Мальчик между тем замедлил темп. Это было очевидно. Но он продолжал заталкивать куски в рот с упрямой настойчивостью бегуна на длинные дистанции, который вышел на финишную прямую и знает, что осталось немного.
Когда исчез последний кусок, публика тотчас же устроила громкую овацию. Дети вскочили на стулья, зааплодировали и закричали:
— Молодец, Брюси! Отлично, Брюси! Золотая медаль — твоя!

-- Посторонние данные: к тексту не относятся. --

definition zariski_closure :: "'i set \<Rightarrow> ('i \<Rightarrow> 'k::comm_ring_1) set \<Rightarrow> ('i \<Rightarrow> 'k) set" where
  "zariski_closure C S = {x \<in> vecs C. \<forall>p \<in> polyfun C. (\<forall>s\<in>S. p s = 0) \<longrightarrow> p x = 0}"

text \<open>Leaves are a finite set J of natural numbers; leaf v carries V_v = K^(B v) with G acting
  by permuting the basis B v via act v; the center carries V_r = K^Br with action actr.
  L(T) = tensor product of the V_v, v in J, is K^(PiE J B) (coordinates w.r.t. the
  product basis). An element of V_r (x) V_v is a function Br x B v -> K.\<close>

definition star_param :: "('g, 'x) monoid_scheme \<Rightarrow> 'c set \<Rightarrow> ('g \<Rightarrow> 'c \<Rightarrow> 'c)
   \<Rightarrow> nat set \<Rightarrow> (nat \<Rightarrow> 'b set) \<Rightarrow> (nat \<Rightarrow> 'g \<Rightarrow> 'b \<Rightarrow> 'b)
   \<Rightarrow> (nat \<Rightarrow> 'c \<Rightarrow> 'b \<Rightarrow> 'k) \<Rightarrow> bool" where
  "star_param G Br actr J B act A \<longleftrightarrow>
     (\<forall>v\<in>J. \<forall>g\<in>carrier G. \<forall>b\<in>Br. \<forall>c\<in>B v. A v (actr g b) (act v g c) = A v b c)"

definition Psi :: "'c set \<Rightarrow> nat set \<Rightarrow> (nat \<Rightarrow> 'b set) \<Rightarrow> (nat \<Rightarrow> 'c \<Rightarrow> 'b \<Rightarrow> 'k::comm_ring_1)
   \<Rightarrow> (nat \<Rightarrow> 'b) \<Rightarrow> 'k" where
  "Psi Br J B A = (\<lambda>c. if c \<in> PiE J B then (\<Sum>b\<in>Br. \<Prod>v\<in>J. A v b (c v)) else 0)"

definition equiv_model :: "('g, 'x) monoid_scheme \<Rightarrow> 'c set \<Rightarrow> ('g \<Rightarrow> 'c \<Rightarrow> 'c)
   \<Rightarrow> nat set \<Rightarrow> (nat \<Rightarrow> 'b set) \<Rightarrow> (nat \<Rightarrow> 'g \<Rightarrow> 'b \<Rightarrow> 'b) \<Rightarrow> ((nat \<Rightarrow> 'b) \<Rightarrow> 'k::comm_ring_1) set" where
  "equiv_model G Br actr J B act =
     zariski_closure (PiE J B) {Psi Br J B A | A. star_param G Br actr J B act A}"

text \<open>G-invariance of theta in the tensor product of the duals V_v^*, v in I, written in the
  dual basis (which G permutes in the same way as B v).\<close>
definition invariant_tensor :: "('g, 'x) monoid_scheme \<Rightarrow> nat set \<Rightarrow> (nat \<Rightarrow> 'b set)
   \<Rightarrow> (nat \<Rightarrow> 'g \<Rightarrow> 'b \<Rightarrow> 'b) \<Rightarrow> ((nat \<Rightarrow> 'b) \<Rightarrow> 'k) \<Rightarrow> bool" where
  "invariant_tensor G I B act \<theta> \<longleftrightarrow>
     (\<forall>g\<in>carrier G. \<forall>d\<in>PiE I B. \<theta> (\<lambda>v\<in>I. act v g (d v)) = \<theta> d)"

text \<open>The linear map L(T) -> L(T') induced by x_1 (x) ... (x) x_m |-> theta(x_I) * x_{J-I}.\<close>
definition contract :: "nat set \<Rightarrow> nat set \<Rightarrow> (nat \<Rightarrow> 'b set) \<Rightarrow> ((nat \<Rightarrow> 'b) \<Rightarrow> 'k::comm_ring_1)
   \<Rightarrow> ((nat \<Rightarrow> 'b) \<Rightarrow> 'k) \<Rightarrow> (nat \<Rightarrow> 'b) \<Rightarrow> 'k" where
  "contract J I B \<theta> x = (\<lambda>c. if c \<in> PiE (J - I) B
      then (\<Sum>d\<in>PiE I B. \<theta> d * x (\<lambda>v. if v \<in> I then d v else c v)) else 0)"

end

theory Submission
  imports Defs
begin

text \<open>
  Write \<open>\<Psi>(A) = \<Sum>\<^sub>b \<Otimes>\<^sub>v a\<^sub>b\<^sub>,\<^sub>v\<close>. Contracting with \<open>\<theta>\<close> turns each summand into
  \<open>\<theta>(\<Otimes>\<^sub>v\<^sub>\<in>\<^sub>I a\<^sub>b\<^sub>,\<^sub>v) \<cdot> \<Otimes>\<^sub>v\<^sub>\<notin>\<^sub>I a\<^sub>b\<^sub>,\<^sub>v\<close>, and the scalar \<open>\<theta>(\<Otimes>\<^sub>v\<^sub>\<in>\<^sub>I a\<^sub>b\<^sub>,\<^sub>v)\<close> is a
  \<open>G\<close>-invariant function of \<open>b\<close> because both \<open>\<theta>\<close> and the \<open>A\<^sub>r\<^sub>v\<close> are invariant. Since \<open>I\<close> is
  a proper subset of the leaves, the scalar can be absorbed into the tensor of a surviving leaf
  \<open>w\<close>, giving a \<open>G\<close>-representation of \<open>T'\<close>. So the contraction maps the parametrised set of
  \<open>T\<close> into that of \<open>T'\<close>, and being linear, hence Zariski continuous, it maps the closures
  accordingly.
\<close>

lemma polyfun_sum:
  assumes "finite S" "\<And>s. s \<in> S \<Longrightarrow> f s \<in> polyfun C"
  shows "(\<lambda>x. \<Sum>s\<in>S. f s x) \<in> polyfun C"
  using assms
proof (induction S rule: finite_induct)
  case empty
  then show ?case by (simp add: polyfun.pf_const)
next
  case (insert a S)
  then show ?case using polyfun.pf_add[of "f a" C "\<lambda>x. \<Sum>s\<in>S. f s x"] by simp
qed

lemma polyfun_compose:
  assumes "p \<in> polyfun C'" "\<And>i. i \<in> C' \<Longrightarrow> (\<lambda>x. L x i) \<in> polyfun C"
  shows "(\<lambda>x. p (L x)) \<in> polyfun C"
  using assms
  by (induction p rule: polyfun.induct) (auto intro: polyfun.intros)

lemma zariski_closure_image:
  assumes coords: "\<And>i. i \<in> C' \<Longrightarrow> (\<lambda>x. L x i) \<in> polyfun C"
    and in_vecs: "\<And>x. L x \<in> vecs C'"
    and gens: "L ` S \<subseteq> S'"
  shows "L ` zariski_closure C S \<subseteq> zariski_closure C' S'"
proof
  fix y assume "y \<in> L ` zariski_closure C S"
  then obtain x where x: "x \<in> zariski_closure C S" and y: "y = L x" by blast
  have "p y = 0" if p: "p \<in> polyfun C'" and vanish: "\<forall>s'\<in>S'. p s' = 0" for p
  proof -
    have "(\<lambda>x. p (L x)) \<in> polyfun C" using polyfun_compose[OF p coords] .
    moreover have "\<forall>s\<in>S. p (L s) = 0" using gens vanish by blast
    ultimately show ?thesis
      using x y unfolding zariski_closure_def by (auto dest: bspec[where x = "\<lambda>x. p (L x)"])
  qed
  then show "y \<in> zariski_closure C' S'"
    using in_vecs[of x] y unfolding zariski_closure_def by simp
qed

lemma bij_betw_PiE_pointwise:
  assumes "\<And>v. v \<in> I \<Longrightarrow> bij_betw (f v) (B v) (B v)"
  shows "bij_betw (\<lambda>e. \<lambda>v\<in>I. f v (e v)) (PiE I B) (PiE I B)"
proof (rule bij_betwI[where g = "\<lambda>e. \<lambda>v\<in>I. inv_into (B v) (f v) (e v)"])
  have maps: "f v x \<in> B v" "inv_into (B v) (f v) x \<in> B v" if "v \<in> I" "x \<in> B v" for v x
  proof -
    have "f v ` B v = B v" using assms[OF that(1)] by (simp add: bij_betw_def)
    then show "f v x \<in> B v" "inv_into (B v) (f v) x \<in> B v"
      using that(2) by (blast, metis inv_into_into)
  qed
  then show "(\<lambda>e. \<lambda>v\<in>I. f v (e v)) \<in> PiE I B \<rightarrow> PiE I B"
    and "(\<lambda>e. \<lambda>v\<in>I. inv_into (B v) (f v) (e v)) \<in> PiE I B \<rightarrow> PiE I B"
    by (auto simp: PiE_iff)
  fix e assume e: "e \<in> PiE I B"
  have "inv_into (B v) (f v) (f v (e v)) = e v \<and> f v (inv_into (B v) (f v) (e v)) = e v"
    if "v \<in> I" for v
  proof -
    have "e v \<in> B v" using e that by (rule PiE_mem)
    then show ?thesis
      using assms[OF that] by (simp add: bij_betw_def inv_into_f_f f_inv_into_f)
  qed
  moreover have "e v = undefined" if "v \<notin> I" for v
    using e that by (rule PiE_arb)
  ultimately show "(\<lambda>v\<in>I. inv_into (B v) (f v) ((\<lambda>v\<in>I. f v (e v)) v)) = e"
    and "(\<lambda>v\<in>I. f v ((\<lambda>v\<in>I. inv_into (B v) (f v) (e v)) v)) = e"
    by (simp_all add: fun_eq_iff)
qed

lemma merge_in_PiE:
  assumes "I \<subseteq> J" "c \<in> PiE (J - I) B" "d \<in> PiE I B"
  shows "(\<lambda>v. if v \<in> I then d v else c v) \<in> PiE J B"
  using assms unfolding PiE_def Pi_def extensional_def by auto

lemma contract_in_vecs: "contract J I B \<theta> x \<in> vecs (PiE (J - I) B)"
  unfolding vecs_def contract_def by simp

lemma polyfun_contract_coord:
  assumes "I \<subseteq> J" "finite (PiE I B)" "c \<in> PiE (J - I) B"
  shows "(\<lambda>x. contract J I B \<theta> x c) \<in> polyfun (PiE J B)"
proof -
  have "(\<lambda>x. \<Sum>d\<in>PiE I B. \<theta> d * x (\<lambda>v. if v \<in> I then d v else c v)) \<in> polyfun (PiE J B)"
    using assms merge_in_PiE[OF assms(1,3)]
    by (intro polyfun_sum) (auto intro!: polyfun.pf_mult polyfun.pf_const polyfun.pf_coord)
  then show ?thesis using assms(3) unfolding contract_def by simp
qed

definition pairing :: "nat set \<Rightarrow> (nat \<Rightarrow> 'b set) \<Rightarrow> ((nat \<Rightarrow> 'b) \<Rightarrow> 'k::comm_ring_1)
    \<Rightarrow> (nat \<Rightarrow> 'c \<Rightarrow> 'b \<Rightarrow> 'k) \<Rightarrow> 'c \<Rightarrow> 'k" where
  "pairing I B \<theta> A b = (\<Sum>d\<in>PiE I B. \<theta> d * (\<Prod>v\<in>I. A v b (d v)))"

lemma contract_Psi:
  assumes "I \<subseteq> J" "finite J" "c \<in> PiE (J - I) B"
  shows "contract J I B \<theta> (Psi Br J B A) c
           = (\<Sum>b\<in>Br. pairing I B \<theta> A b * (\<Prod>v\<in>J - I. A v b (c v)))"
proof -
  have split: "(\<Prod>v\<in>J. A v b (if v \<in> I then d v else c v))
      = (\<Prod>v\<in>I. A v b (d v)) * (\<Prod>v\<in>J - I. A v b (c v))" for b d
  proof -
    have "(\<Prod>v\<in>J. A v b (if v \<in> I then d v else c v))
        = (\<Prod>v\<in>J - I. A v b (if v \<in> I then d v else c v))
          * (\<Prod>v\<in>I. A v b (if v \<in> I then d v else c v))"
      by (rule prod.subset_diff[OF assms(1,2)])
    also have "\<dots> = (\<Prod>v\<in>J - I. A v b (c v)) * (\<Prod>v\<in>I. A v b (d v))"
      by (intro arg_cong2[where f = "(*)"] prod.cong) auto
    finally show ?thesis by (simp add: mult.commute)
  qed
  have "contract J I B \<theta> (Psi Br J B A) c
      = (\<Sum>d\<in>PiE I B. \<theta> d * (\<Sum>b\<in>Br. (\<Prod>v\<in>I. A v b (d v)) * (\<Prod>v\<in>J - I. A v b (c v))))"
    using assms(3) merge_in_PiE[OF assms(1,3)] by (simp add: contract_def Psi_def split)
  also have "\<dots> = (\<Sum>b\<in>Br. \<Sum>d\<in>PiE I B. \<theta> d * (\<Prod>v\<in>I. A v b (d v)) * (\<Prod>v\<in>J - I. A v b (c v)))"
    by (subst sum.swap) (simp add: sum_distrib_left mult.assoc)
  also have "\<dots> = (\<Sum>b\<in>Br. pairing I B \<theta> A b * (\<Prod>v\<in>J - I. A v b (c v)))"
    unfolding pairing_def by (simp add: sum_distrib_right)
  finally show ?thesis .
qed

Транчбуль не шевелилась. Ее огромное лошадиное лицо стало пепельно-серым, цвета расплавленной лавы, а в глазах горела ярость. Она метала суровые взгляды в сторону Брюса Богтротгера, который раскинулся на стуле как человек, объевшийся до полусмерти, не способный ни двигаться, ни говорить. На лбу его выступили капельки пота, но на губах играла торжествующая улыбка.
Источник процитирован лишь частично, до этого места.